(* Let $\mathsf{K}$ be a finite simplicial complex whose vertex set is a finite set $P\subset\mathbb{R}^d$, let $v\in\mathbb{R}^d$, and let $\zeta_1\prec_v\cdots\prec_v\zeta_s$ be the essential $p$-cycles of the filtration $\mathcal{D}_v(\mathsf{K})$ computed by the standard reduction algorithm. Let $\zeta$ be a $p$-cycle with $[\zeta]\neq 0$ in $H_p(\mathsf{K})$ such that $\zeta=\zeta_{i_1}+\cdots+\zeta_{i_m}+\partial c_{p+1}$ for some $(p+1)$-chain $c_{p+1}$ and indices $i_1<\cdots<i_m$ in $\{1,\dots,s\}$. Then $r_v([\zeta])=r_v(\zeta_{i_m})$, where $r_v([\zeta]):=\min_{\xi\in[\zeta]} r_v(\xi)$. In particular, $\zeta_{i_1}+\cdots+\zeta_{i_m}\in\arg\min_{\xi\in[\zeta]} r_v(\xi)$.
   Context: All homology is with $\mathbb{Z}_2$ coefficients; chains are identified with their supports (sets of simplices). For a simplex $\sigma$ of $\mathsf{K}$ and $v\in\mathbb{R}^d$, $r_v(\sigma)=\max_{x\text{ vertex of }\sigma}\|v-x\|_2$; for a nonzero chain $\zeta$, $r_v(\zeta)=\max_{\sigma\in\zeta}r_v(\sigma)$. The order $\prec_v$ is a fixed total order on the simplices of $\mathsf{K}$ such that $\sigma_1\prec_v\sigma_2$ whenever $\sigma_1$ is a proper face of $\sigma_2$ or $r_v(\sigma_1)<r_v(\sigma_2)$ (remaining ties broken arbitrarily). For a nonzero chain $\zeta$, $\kappa(\zeta)$ is the $\prec_v$-largest simplex in its support, and chains are compared by $\zeta\prec_v\zeta'$ iff $\kappa(\zeta)\prec_v\kappa(\zeta')$; note $r_v(\zeta)=r_v(\kappa(\zeta))$. $\mathcal{D}_v(\mathsf{K})$ is the simplexwise filtration adding the simplices $\sigma_1\prec_v\sigma_2\prec_v\cdots\prec_v\sigma_N$ one at a time. Standard reduction: let $\partial$ be the $N\times N$ $\mathbb{Z}_2$ boundary matrix (column $j$ is the boundary of $\sigma_j$, rows and columns in filtration order), $low(j)$ the row index of the lowest $1$ in column $j$ (undefined if the column is zero). Start with $V=I_N$; for $j=1,\dots,N$, while there is $j_0<j$ with $low(j_0)=low(j)$, add column $j_0$ to column $j$ of $\partial$ and column $j_0$ of $V$ to column $j$ of $V$. Let $R$ be the resulting reduced matrix. An index $i$ is paired if $i=low(j)$ for some nonzero column $R_j$, or if $R_i\neq0$. The essential $p$-cycles are the columns $V_i$ (viewed as chains) for indices $i$ such that $\sigma_i$ is a $p$-simplex, $R_i=0$, and $i$ is not paired; each such $V_i$ is a cycle with $\kappa(V_i)=\sigma_i$, and their classes form a basis of $H_p(\mathsf{K})$. *)

theory Defs
  imports "HOL-Analysis.Analysis" "HOL-Library.While_Combinator"
begin

definition finite_abstract_complex :: "'a set set \<Rightarrow> bool" where
  "finite_abstract_complex K \<longleftrightarrow> finite K \<and> (\<forall>\<sigma>\<in>K. finite \<sigma> \<and> \<sigma> \<noteq> {})
     \<and> (\<forall>\<sigma>\<in>K. \<forall>\<tau>. \<tau> \<subseteq> \<sigma> \<and> \<tau> \<noteq> {} \<longrightarrow> \<tau> \<in> K)"

definition rv_simplex :: "'a::real_normed_vector \<Rightarrow> 'a set \<Rightarrow> real" where
  "rv_simplex v \<sigma> = Max ((\<lambda>x. norm (v - x)) ` \<sigma>)"

definition rv_chain :: "'a::real_normed_vector \<Rightarrow> 'a set set \<Rightarrow> real" where
  "rv_chain v \<zeta> = Max (rv_simplex v ` \<zeta>)"

(* Z2-chains are identified with their supports *)
definition chain_add :: "'b set \<Rightarrow> 'b set \<Rightarrow> 'b set" where
  "chain_add a b = (a - b) \<union> (b - a)"

definition chain_sum :: "('i \<Rightarrow> 'b set) \<Rightarrow> 'i set \<Rightarrow> 'b set" where
  "chain_sum f S = {\<sigma>. odd (card {i\<in>S. \<sigma> \<in> f i})}"

definition is_facet :: "'a set \<Rightarrow> 'a set \<Rightarrow> bool" where
  "is_facet \<tau> \<sigma> \<longleftrightarrow> \<tau> \<subseteq> \<sigma> \<and> card \<sigma> = card \<tau> + 1"

definition chain_boundary :: "'a set set \<Rightarrow> 'a set set \<Rightarrow> 'a set set" where
  "chain_boundary K c = {\<tau>\<in>K. odd (card {\<sigma>\<in>c. is_facet \<tau> \<sigma>})}"

definition p_chain :: "'a set set \<Rightarrow> nat \<Rightarrow> 'a set set \<Rightarrow> bool" where
  "p_chain K p c \<longleftrightarrow> c \<subseteq> K \<and> (\<forall>\<sigma>\<in>c. card \<sigma> = p + 1)"

definition is_cycle :: "'a set set \<Rightarrow> nat \<Rightarrow> 'a set set \<Rightarrow> bool" where
  "is_cycle K p \<zeta> \<longleftrightarrow> p_chain K p \<zeta> \<and> chain_boundary K \<zeta> = {}"

definition null_homologous :: "'a set set \<Rightarrow> nat \<Rightarrow> 'a set set \<Rightarrow> bool" where
  "null_homologous K p \<zeta> \<longleftrightarrow> (\<exists>c. p_chain K (p + 1) c \<and> \<zeta> = chain_boundary K c)"

definition homology_class :: "'a set set \<Rightarrow> nat \<Rightarrow> 'a set set \<Rightarrow> 'a set set set" where
  "homology_class K p \<zeta> =
     {\<xi>. p_chain K p \<xi> \<and> (\<exists>c. p_chain K (p + 1) c \<and> \<xi> = chain_add \<zeta> (chain_boundary K c))}"

definition rv_class :: "'a::real_normed_vector set set \<Rightarrow> nat \<Rightarrow> 'a \<Rightarrow> 'a set set \<Rightarrow> real" where
  "rv_class K p v \<zeta> = Min (rv_chain v ` homology_class K p \<zeta>)"

(* the order \<prec>_v, given as the list sigma_1,...,sigma_N (0-based indices) *)
definition filtration_order :: "'a::real_normed_vector set set \<Rightarrow> 'a \<Rightarrow> 'a set list \<Rightarrow> bool" where
  "filtration_order K v ord \<longleftrightarrow> distinct ord \<and> set ord = K \<and>
     (\<forall>i<length ord. \<forall>j<length ord.
        (ord ! i \<subset> ord ! j \<or> rv_simplex v (ord ! i) < rv_simplex v (ord ! j)) \<longrightarrow> i < j)"

(* Z2 matrices: column j is the set of row indices carrying a 1 *)
definition boundary_matrix :: "'a set list \<Rightarrow> nat \<Rightarrow> nat set" where
  "boundary_matrix ord j =
     (if j < length ord then {i. i < length ord \<and> is_facet (ord ! i) (ord ! j)} else {})"

definition low :: "nat set \<Rightarrow> nat" where
  "low c = Max c"
lemma incid_bounds:
  assumes "b1 \<ge> 0" "b2 \<ge> 0" "0 \<le> v" "v \<le> 1" "0 \<le> s"
    and "0 \<le> i" "i \<le> I" "0 \<le> j" "j \<le> J"
  shows "0 \<le> incid b1 b2 v s i j" "incid b1 b2 v s i j \<le> (b1 * I + b2 * J) * s"
proof -
  have "(1 - v)^2 \<le> 1"
    using assms by (intro power_le_one) auto
  then have "(1 - v)^2 * i \<le> I" "(1 - v) * j \<le> J"
    using mult_left_le_one_le[of i "(1 - v)^2"] mult_left_le_one_le[of j "1 - v"] assms by auto
  then have "b1 * (1 - v)^2 * i + b2 * (1 - v) * j \<le> b1 * I + b2 * J"
    using assms by (simp add: add_mono mult.assoc mult_left_mono)
  then show "incid b1 b2 v s i j \<le> (b1 * I + b2 * J) * s"
    unfolding incid_def using \<open>0 \<le> s\<close> by (simp add: mult.commute mult_left_mono)
  show "0 \<le> incid b1 b2 v s i j"
    unfolding incid_def using assms by simp
qed

lemma state_sol_positive_endpoint:
  assumes par: "b1 \<ge> 0" "b2 \<ge> 0" "g \<ge> 0" "r1 \<ge> 0" "r2 \<ge> 0" "sg1 \<ge> 0" "sg2 \<ge> 0"
    and "umax \<le> 1" and adm: "admissible umax T u"
    and sol: "state_sol b1 b2 g sg1 sg2 r1 r2 T s0 e0 i0 j0 u s e i j"
    and b: "0 < b" "b \<le> T"
    and pos: "\<forall>t\<in>{0..<b}. s t > 0 \<and> e t > 0 \<and> i t > 0 \<and> j t > 0"
    and nonneg: "\<forall>t\<in>{0..b}. s t \<ge> 0 \<and> e t \<ge> 0 \<and> i t \<ge> 0 \<and> j t \<ge> 0"
    and bounds: "\<forall>t\<in>{0..b}. i t \<le> I \<and> j t \<le> J"
  shows "s b > 0 \<and> e b > 0 \<and> i b > 0 \<and> j b > 0"
proof -
  define K where "K = b1 * I + b2 * J"
  have "I \<ge> 0" "J \<ge> 0"
    using bspec[OF bounds, of 0] bspec[OF nonneg, of 0] \<open>0 < b\<close> by auto
  then have "K \<ge> 0"
    using par unfolding K_def by simp
  have inc: "0 \<le> incid b1 b2 (u \<tau>) (s \<tau>) (i \<tau>) (j \<tau>)"
    "incid b1 b2 (u \<tau>) (s \<tau>) (i \<tau>) (j \<tau>) \<le> K * s \<tau>"
    if "\<tau> \<in> {0..b}" for \<tau>
  proof -
    have "0 \<le> u \<tau> \<and> u \<tau> \<le> umax"
      using adm that b unfolding admissible_def by auto
    then show "0 \<le> incid b1 b2 (u \<tau>) (s \<tau>) (i \<tau>) (j \<tau>)"
      "incid b1 b2 (u \<tau>) (s \<tau>) (i \<tau>) (j \<tau>) \<le> K * s \<tau>"
      using incid_bounds[of b1 b2 "u \<tau>" "s \<tau>" "i \<tau>" I "j \<tau>" J] par \<open>umax \<le> 1\<close>
        bspec[OF nonneg that] bspec[OF bounds that] unfolding K_def by auto
  qed
  note eqs = sol[unfolded state_sol_def]
  have "s b > 0"
    by (rule integral_equation_positive_endpoint[where c = K])
      (use eqs b pos \<open>K \<ge> 0\<close> inc in auto)
  moreover have "e b > 0"
    by (rule integral_equation_positive_endpoint[where c = g])
      (use eqs b pos par inc in auto)
  moreover have "i b > 0"
    by (rule integral_equation_positive_endpoint[where c = r1])
      (use eqs b pos par nonneg in auto)
  moreover have "j b > 0"
    by (rule integral_equation_positive_endpoint[where c = r2])
      (use eqs b pos par nonneg in auto)
  ultimately show ?thesis
    by simp
qed

lemma state_sol_positive:
  assumes par: "b1 \<ge> 0" "b2 \<ge> 0" "g \<ge> 0" "r1 \<ge> 0" "r2 \<ge> 0" "sg1 \<ge> 0" "sg2 \<ge> 0"
    and "umax \<le> 1" "0 \<le> T"
    and ini: "s0 > 0" "e0 > 0" "i0 > 0" "j0 > 0"
    and adm: "admissible umax T u"
    and sol: "state_sol b1 b2 g sg1 sg2 r1 r2 T s0 e0 i0 j0 u s e i j"
  shows "\<forall>t\<in>{0..T}. s t > 0 \<and> e t > 0 \<and> i t > 0 \<and> j t > 0"
proof -
  note cont = state_sol_continuous[OF sol \<open>0 \<le> T\<close>]
  obtain I where I: "\<And>t. t \<in> {0..T} \<Longrightarrow> \<bar>i t\<bar> \<le> I"
    using continuous_on_compact_bound[OF compact_Icc cont(3)] by auto
  obtain J where J: "\<And>t. t \<in> {0..T} \<Longrightarrow> \<bar>j t\<bar> \<le> J"
    using continuous_on_compact_bound[OF compact_Icc cont(4)] by auto
  define \<phi> where "\<phi> t = min (min (s t) (e t)) (min (i t) (j t))" for t
  have "\<forall>t\<in>{0..T}. \<phi> t > 0"
  proof (rule positive_on_interval_by_continuity)
    show "continuous_on {0..T} \<phi>"
      unfolding \<phi>_def using cont by (intro continuous_intros)
    show "\<phi> 0 > 0"
      unfolding \<phi>_def using state_sol_initial_values[OF sol \<open>0 \<le> T\<close>] ini by simp
  next
    fix b assume b: "0 < b" "b \<le> T" and "\<forall>t\<in>{0..<b}. \<phi> t > 0" "\<forall>t\<in>{0..b}. \<phi> t \<ge> 0"
    then have "\<forall>t\<in>{0..<b}. s t > 0 \<and> e t > 0 \<and> i t > 0 \<and> j t > 0"
      "\<forall>t\<in>{0..b}. s t \<ge> 0 \<and> e t \<ge> 0 \<and> i t \<ge> 0 \<and> j t \<ge> 0"
      unfolding \<phi>_def by auto
    moreover have "\<forall>t\<in>{0..b}. i t \<le> I \<and> j t \<le> J"
      using I J b by force
    ultimately show "\<phi> b > 0"
      using state_sol_positive_endpoint[OF par \<open>umax \<le> 1\<close> adm sol b] unfolding \<phi>_def by simp
  qed
  then show ?thesis
    unfolding \<phi>_def by simp
qed

theorem lemma5:
  fixes b1 b2 g r1 r2 sg1 sg2 umax a1 a2 a3 T s0 e0 i0 j0 :: real
    and u s e i j p1 p2 p3 p4 :: "real \<Rightarrow> real"
  assumes par: "b1 > 0" "b2 > 0" "g > 0" "r1 > 0" "r2 > 0"
      and sig: "sg1 > 0" "sg2 > 0" "sg1 + sg2 = 1"
      and um: "0 \<le> umax" "umax < 1"
      and wts: "a1 \<ge> 0" "a2 \<ge> 0" "a3 > 0"
      and hor: "T > 0"
      and ini: "s0 > 0" "e0 > 0" "i0 > 0" "j0 > 0" "s0 + e0 + i0 + j0 \<le> 1"
      and adm: "admissible umax T u"
      and sol: "state_sol b1 b2 g sg1 sg2 r1 r2 T s0 e0 i0 j0 u s e i j"
      and opt: "\<forall>v s' e' i' j'. admissible umax T v \<and>
                   state_sol b1 b2 g sg1 sg2 r1 r2 T s0 e0 i0 j0 v s' e' i' j' \<longrightarrow>
                   cost a1 a2 a3 T u e i j \<le> cost a1 a2 a3 T v e' i' j'"
      and adj: "adjoint_sol b1 b2 g sg1 sg2 r1 r2 a1 a2 T u s i j p1 p2 p3 p4"
      and nontriv: "\<exists>t\<in>{0..T}. p1 t \<noteq> 0 \<or> p2 t \<noteq> 0 \<or> p3 t \<noteq> 0 \<or> p4 t \<noteq> 0"
      and maxH: "\<forall>t\<in>{0..T}. \<forall>v\<in>{0..umax}.
                   hamiltonian b1 b2 g sg1 sg2 r1 r2 a2 a3 (s t) (e t) (i t) (j t)
                     (p1 t) (p2 t) (p3 t) (p4 t) v
                   \<le> hamiltonian b1 b2 g sg1 sg2 r1 r2 a2 a3 (s t) (e t) (i t) (j t)
                     (p1 t) (p2 t) (p3 t) (p4 t) (u t)"
  shows "continuous_on {0..T} u"
proof -
  have "0 \<le> T"
    using hor by simp
  have pos: "\<forall>t\<in>{0..T}. s t > 0 \<and> e t > 0 \<and> i t > 0 \<and> j t > 0"
    using par sig um by (intro state_sol_positive[OF _ _ _ _ _ _ _ _ \<open>0 \<le> T\<close> ini(1-4) adm sol]) auto
  define H where "H t = control_hamiltonian b1 b2 a3 (s t) (i t) (j t) (p1 t - p2 t)" for t
  have along_fst: "continuous_on ({0..T} \<times> {0..umax}) (\<lambda>p. f (fst p))"
    if "continuous_on {0..T} f" for f :: "real \<Rightarrow> real"
    by (rule continuous_on_compose2[OF that continuous_on_fst[OF continuous_on_id]]) auto
  show ?thesis
  proof (rule continuous_on_unique_maximizer[where F = H])
    show "continuous_on ({0..T} \<times> {0..umax}) (\<lambda>p. H (fst p) (snd p))"
      unfolding H_def control_hamiltonian_def incid_def
      using state_sol_continuous[OF sol \<open>0 \<le> T\<close>] adjoint_sol_continuous[OF adj \<open>0 \<le> T\<close>]
      by (intro continuous_intros along_fst)
    show "u t \<in> {0..umax} \<and> (\<forall>w\<in>{0..umax}. H t w \<le> H t (u t))" if "t \<in> {0..T}" for t
      using adm maxH that unfolding admissible_def H_def hamiltonian_le_iff_control_hamiltonian_le
      by simp
    show "v = w" if "t \<in> {0..T}" "v \<in> {0..umax}" "w \<in> {0..umax}"
      "\<forall>z\<in>{0..umax}. H t z \<le> H t v" "\<forall>z\<in>{0..umax}. H t z \<le> H t w" for t v w
      using control_hamiltonian_unique_maximizer[OF _ _ _ _ _ _ that(2-5)[unfolded H_def]]
        par wts um bspec[OF pos that(1)] by simp
  qed simp_all
qed
(*
  Orient the bipartite graph of a layer so that non-matching edges point from V^- to V^+ and
  matching edges back; an alternating path starting at an uncovered v^- is then a directed path,
  and for the reversed orientation the same holds for alternating paths ending at an uncovered
  v^-. Two directed paths that share a vertex splice into a directed simple path from the start
  of the first to the end of the second, which is again an alternating path.

  In a CLAP, two segments in layer 1 both start in D_1, and two segments in layer 2 both end in
  D_2. So if the witnesses of segments i < j of the same layer met, splicing them would give an
  admissible segment v_i -> v_(j+1), and cutting out the segments in between would give a
  shorter CLAP. Hence in a shortest CLAP any choice of witnesses is vertex-disjoint within each
  layer, a fortiori edge-disjoint.
*)
theory Submission
  imports Defs
begin

lemma successively_neq_nth_iff:
  assumes "successively (\<lambda>x y. P x \<noteq> P y) xs" and "m < length xs" and "n < length xs"
  shows "P (xs ! m) \<longleftrightarrow> (P (xs ! n) \<longleftrightarrow> even (m + n))"
proof -
  have from_hd: "P (xs ! k) \<longleftrightarrow> (P (xs ! 0) \<longleftrightarrow> even k)" if "k < length xs" for k
    using that
  proof (induction k)
    case (Suc k)
    have "P (xs ! k) \<noteq> P (xs ! Suc k)" using successively_nth[OF assms(1) Suc.prems] .
    with Suc.IH Suc.prems show ?case by simp argo
  qed simp
  show ?thesis using from_hd[OF assms(2)] from_hd[OF assms(3)] by (simp add: even_add) argo
qed

lemma successively_splice:
  assumes "successively R (xs @ x # ys)" and "successively R (us @ x # vs)"
  shows "successively R (xs @ x # vs)"
  using assms by (auto simp: successively_append_iff successively_Cons)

***

Answer with a number only: how many lines above have the word "maxH"?

TASK ANSWER -> 2